[Saved data entries]
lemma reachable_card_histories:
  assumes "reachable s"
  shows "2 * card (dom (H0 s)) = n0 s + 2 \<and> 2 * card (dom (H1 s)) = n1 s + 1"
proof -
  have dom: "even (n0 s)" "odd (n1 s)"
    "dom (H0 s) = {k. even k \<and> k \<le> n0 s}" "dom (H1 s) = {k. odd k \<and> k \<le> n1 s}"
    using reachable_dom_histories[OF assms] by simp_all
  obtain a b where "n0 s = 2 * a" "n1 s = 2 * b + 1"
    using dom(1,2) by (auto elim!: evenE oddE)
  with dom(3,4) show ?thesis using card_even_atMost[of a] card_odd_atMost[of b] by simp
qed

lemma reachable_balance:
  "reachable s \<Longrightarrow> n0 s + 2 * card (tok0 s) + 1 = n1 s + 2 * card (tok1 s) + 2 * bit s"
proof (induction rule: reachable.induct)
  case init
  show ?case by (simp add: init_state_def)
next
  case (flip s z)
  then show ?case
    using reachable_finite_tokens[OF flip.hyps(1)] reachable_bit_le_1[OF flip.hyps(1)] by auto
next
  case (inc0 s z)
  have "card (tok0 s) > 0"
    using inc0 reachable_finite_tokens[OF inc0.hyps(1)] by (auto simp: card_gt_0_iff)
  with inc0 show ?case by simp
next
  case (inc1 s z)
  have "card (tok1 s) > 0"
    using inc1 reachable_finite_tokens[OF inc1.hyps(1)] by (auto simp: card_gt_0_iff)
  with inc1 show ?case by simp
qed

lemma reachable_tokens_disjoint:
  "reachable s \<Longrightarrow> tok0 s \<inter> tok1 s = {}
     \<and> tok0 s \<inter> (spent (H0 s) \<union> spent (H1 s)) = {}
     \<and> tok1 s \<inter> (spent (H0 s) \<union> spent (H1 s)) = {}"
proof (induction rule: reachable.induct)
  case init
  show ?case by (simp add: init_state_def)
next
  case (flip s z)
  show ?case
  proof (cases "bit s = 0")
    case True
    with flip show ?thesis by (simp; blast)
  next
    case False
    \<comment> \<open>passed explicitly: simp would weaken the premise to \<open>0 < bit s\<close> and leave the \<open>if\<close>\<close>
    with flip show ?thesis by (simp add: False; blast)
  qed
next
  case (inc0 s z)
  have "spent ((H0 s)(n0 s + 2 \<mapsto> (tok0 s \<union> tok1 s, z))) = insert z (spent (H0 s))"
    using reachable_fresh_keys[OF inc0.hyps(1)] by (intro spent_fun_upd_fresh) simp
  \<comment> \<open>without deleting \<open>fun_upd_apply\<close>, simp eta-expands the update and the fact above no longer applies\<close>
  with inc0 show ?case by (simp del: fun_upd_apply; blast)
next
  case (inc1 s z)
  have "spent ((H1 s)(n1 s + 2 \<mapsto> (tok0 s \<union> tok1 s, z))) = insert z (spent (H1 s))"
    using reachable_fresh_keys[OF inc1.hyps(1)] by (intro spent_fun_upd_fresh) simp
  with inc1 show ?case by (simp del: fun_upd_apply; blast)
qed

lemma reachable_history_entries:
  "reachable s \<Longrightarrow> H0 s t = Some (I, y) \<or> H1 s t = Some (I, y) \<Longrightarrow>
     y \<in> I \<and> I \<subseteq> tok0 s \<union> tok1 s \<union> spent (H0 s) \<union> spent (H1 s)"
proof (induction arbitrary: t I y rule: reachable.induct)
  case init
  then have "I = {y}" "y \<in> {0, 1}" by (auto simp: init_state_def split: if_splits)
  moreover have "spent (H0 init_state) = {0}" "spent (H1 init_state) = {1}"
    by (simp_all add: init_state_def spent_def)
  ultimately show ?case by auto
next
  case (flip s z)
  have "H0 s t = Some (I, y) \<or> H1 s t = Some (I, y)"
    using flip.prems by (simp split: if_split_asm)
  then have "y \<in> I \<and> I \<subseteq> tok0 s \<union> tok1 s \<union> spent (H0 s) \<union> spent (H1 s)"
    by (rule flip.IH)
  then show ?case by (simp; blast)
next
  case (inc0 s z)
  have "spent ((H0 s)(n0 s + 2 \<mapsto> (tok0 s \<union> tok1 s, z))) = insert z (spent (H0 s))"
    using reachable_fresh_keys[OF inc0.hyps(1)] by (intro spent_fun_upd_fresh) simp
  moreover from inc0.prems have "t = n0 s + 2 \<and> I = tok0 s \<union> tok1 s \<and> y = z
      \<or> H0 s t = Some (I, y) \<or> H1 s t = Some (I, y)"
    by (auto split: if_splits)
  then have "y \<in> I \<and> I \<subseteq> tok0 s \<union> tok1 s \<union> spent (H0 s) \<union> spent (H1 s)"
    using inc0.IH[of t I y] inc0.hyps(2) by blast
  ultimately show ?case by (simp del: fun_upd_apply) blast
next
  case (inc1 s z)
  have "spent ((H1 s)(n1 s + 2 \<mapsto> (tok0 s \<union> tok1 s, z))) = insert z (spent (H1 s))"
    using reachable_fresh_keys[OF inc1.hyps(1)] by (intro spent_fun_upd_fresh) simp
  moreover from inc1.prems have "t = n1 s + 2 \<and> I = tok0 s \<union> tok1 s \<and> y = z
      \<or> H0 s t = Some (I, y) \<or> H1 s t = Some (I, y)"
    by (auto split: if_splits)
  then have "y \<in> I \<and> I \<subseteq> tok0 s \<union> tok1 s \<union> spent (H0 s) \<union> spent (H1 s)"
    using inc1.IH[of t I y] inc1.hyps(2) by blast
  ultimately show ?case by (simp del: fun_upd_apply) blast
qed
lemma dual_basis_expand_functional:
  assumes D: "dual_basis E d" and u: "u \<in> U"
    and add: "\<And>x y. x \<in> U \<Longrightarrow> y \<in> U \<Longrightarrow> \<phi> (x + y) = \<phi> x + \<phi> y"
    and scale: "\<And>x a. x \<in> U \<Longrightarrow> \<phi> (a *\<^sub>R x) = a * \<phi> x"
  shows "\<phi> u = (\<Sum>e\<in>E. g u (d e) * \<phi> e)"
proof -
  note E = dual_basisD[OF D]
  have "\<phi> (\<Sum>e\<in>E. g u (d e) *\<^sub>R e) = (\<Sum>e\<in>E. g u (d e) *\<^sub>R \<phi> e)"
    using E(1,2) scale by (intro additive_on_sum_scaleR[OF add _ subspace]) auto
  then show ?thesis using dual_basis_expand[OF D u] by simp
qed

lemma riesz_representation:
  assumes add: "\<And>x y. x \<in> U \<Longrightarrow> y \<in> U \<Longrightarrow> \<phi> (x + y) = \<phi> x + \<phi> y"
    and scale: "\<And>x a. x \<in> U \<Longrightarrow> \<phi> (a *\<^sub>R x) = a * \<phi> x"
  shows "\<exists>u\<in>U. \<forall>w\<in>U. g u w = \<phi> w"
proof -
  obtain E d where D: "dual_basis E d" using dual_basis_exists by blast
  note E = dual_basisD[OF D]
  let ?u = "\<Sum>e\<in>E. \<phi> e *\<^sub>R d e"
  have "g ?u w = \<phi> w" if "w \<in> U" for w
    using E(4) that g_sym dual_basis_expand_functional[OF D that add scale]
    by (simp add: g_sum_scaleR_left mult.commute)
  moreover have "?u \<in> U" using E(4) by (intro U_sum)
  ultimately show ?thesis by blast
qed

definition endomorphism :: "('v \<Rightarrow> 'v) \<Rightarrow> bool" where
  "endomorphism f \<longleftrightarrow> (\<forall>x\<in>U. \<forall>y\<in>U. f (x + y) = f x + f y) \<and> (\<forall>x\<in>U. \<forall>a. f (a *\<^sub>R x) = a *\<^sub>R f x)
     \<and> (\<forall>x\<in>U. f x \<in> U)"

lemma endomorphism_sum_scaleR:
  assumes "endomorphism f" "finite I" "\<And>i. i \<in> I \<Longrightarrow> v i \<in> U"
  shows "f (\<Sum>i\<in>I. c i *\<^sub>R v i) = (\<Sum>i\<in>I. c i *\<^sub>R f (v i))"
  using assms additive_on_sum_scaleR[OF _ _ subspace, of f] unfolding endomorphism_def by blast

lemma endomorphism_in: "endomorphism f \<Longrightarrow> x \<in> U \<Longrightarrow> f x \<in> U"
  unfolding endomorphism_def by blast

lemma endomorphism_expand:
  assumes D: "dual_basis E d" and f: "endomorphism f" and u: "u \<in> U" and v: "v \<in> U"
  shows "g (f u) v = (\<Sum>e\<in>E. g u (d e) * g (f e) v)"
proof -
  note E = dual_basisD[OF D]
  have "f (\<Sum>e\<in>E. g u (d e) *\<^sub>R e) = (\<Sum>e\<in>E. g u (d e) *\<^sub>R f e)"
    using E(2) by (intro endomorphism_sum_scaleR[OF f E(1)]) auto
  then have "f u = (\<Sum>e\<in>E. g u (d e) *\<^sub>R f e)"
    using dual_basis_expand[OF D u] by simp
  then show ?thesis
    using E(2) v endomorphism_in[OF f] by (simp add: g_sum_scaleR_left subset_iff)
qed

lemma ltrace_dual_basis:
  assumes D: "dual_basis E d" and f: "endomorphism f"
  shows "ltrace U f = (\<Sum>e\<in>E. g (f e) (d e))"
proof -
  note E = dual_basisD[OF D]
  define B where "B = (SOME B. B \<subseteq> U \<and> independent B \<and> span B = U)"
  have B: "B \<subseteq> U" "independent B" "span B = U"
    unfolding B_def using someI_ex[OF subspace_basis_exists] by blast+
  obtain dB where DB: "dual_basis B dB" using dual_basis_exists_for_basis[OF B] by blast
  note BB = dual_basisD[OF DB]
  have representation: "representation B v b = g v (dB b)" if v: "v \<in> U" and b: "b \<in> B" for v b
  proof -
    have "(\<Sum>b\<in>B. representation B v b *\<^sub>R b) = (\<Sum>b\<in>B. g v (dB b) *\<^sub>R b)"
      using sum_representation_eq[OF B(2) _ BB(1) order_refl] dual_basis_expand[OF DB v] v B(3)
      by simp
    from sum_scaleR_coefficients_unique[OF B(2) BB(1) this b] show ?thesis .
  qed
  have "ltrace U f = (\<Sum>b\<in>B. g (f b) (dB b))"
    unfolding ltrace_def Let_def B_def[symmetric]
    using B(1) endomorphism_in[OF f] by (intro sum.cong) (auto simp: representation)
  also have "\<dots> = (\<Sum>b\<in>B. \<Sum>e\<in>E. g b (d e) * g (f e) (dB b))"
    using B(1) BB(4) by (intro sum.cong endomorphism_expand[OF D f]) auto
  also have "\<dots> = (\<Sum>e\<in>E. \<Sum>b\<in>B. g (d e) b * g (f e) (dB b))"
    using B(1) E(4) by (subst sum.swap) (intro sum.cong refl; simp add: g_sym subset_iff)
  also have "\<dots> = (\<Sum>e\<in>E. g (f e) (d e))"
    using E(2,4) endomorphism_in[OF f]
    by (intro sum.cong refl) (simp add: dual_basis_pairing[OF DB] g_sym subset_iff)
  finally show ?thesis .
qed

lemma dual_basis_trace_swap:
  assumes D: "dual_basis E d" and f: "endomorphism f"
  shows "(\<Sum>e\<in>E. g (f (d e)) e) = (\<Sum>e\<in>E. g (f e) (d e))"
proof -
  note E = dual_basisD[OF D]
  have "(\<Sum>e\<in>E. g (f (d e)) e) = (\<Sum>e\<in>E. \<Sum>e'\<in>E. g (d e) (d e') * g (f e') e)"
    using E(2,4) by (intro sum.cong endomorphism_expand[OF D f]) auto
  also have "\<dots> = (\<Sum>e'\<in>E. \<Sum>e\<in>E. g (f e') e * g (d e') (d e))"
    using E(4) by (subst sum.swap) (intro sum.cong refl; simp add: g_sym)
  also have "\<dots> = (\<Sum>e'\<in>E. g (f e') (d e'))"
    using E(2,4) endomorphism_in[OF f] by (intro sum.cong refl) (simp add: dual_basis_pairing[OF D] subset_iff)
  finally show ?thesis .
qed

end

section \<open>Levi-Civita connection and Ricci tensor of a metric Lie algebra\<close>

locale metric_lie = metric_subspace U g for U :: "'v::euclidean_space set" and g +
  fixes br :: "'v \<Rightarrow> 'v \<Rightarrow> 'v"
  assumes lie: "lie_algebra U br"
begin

## Action item
Reproduce every line in the records above that contains the word "flip".

## Completed task
  case (flip s z)
    using reachable_finite_tokens[OF flip.hyps(1)] reachable_bit_le_1[OF flip.hyps(1)] by auto
  case (flip s z)
    with flip show ?thesis by (simp; blast)
    with flip show ?thesis by (simp add: False; blast)
  case (flip s z)
    using flip.prems by (simp split: if_split_asm)
    by (rule flip.IH)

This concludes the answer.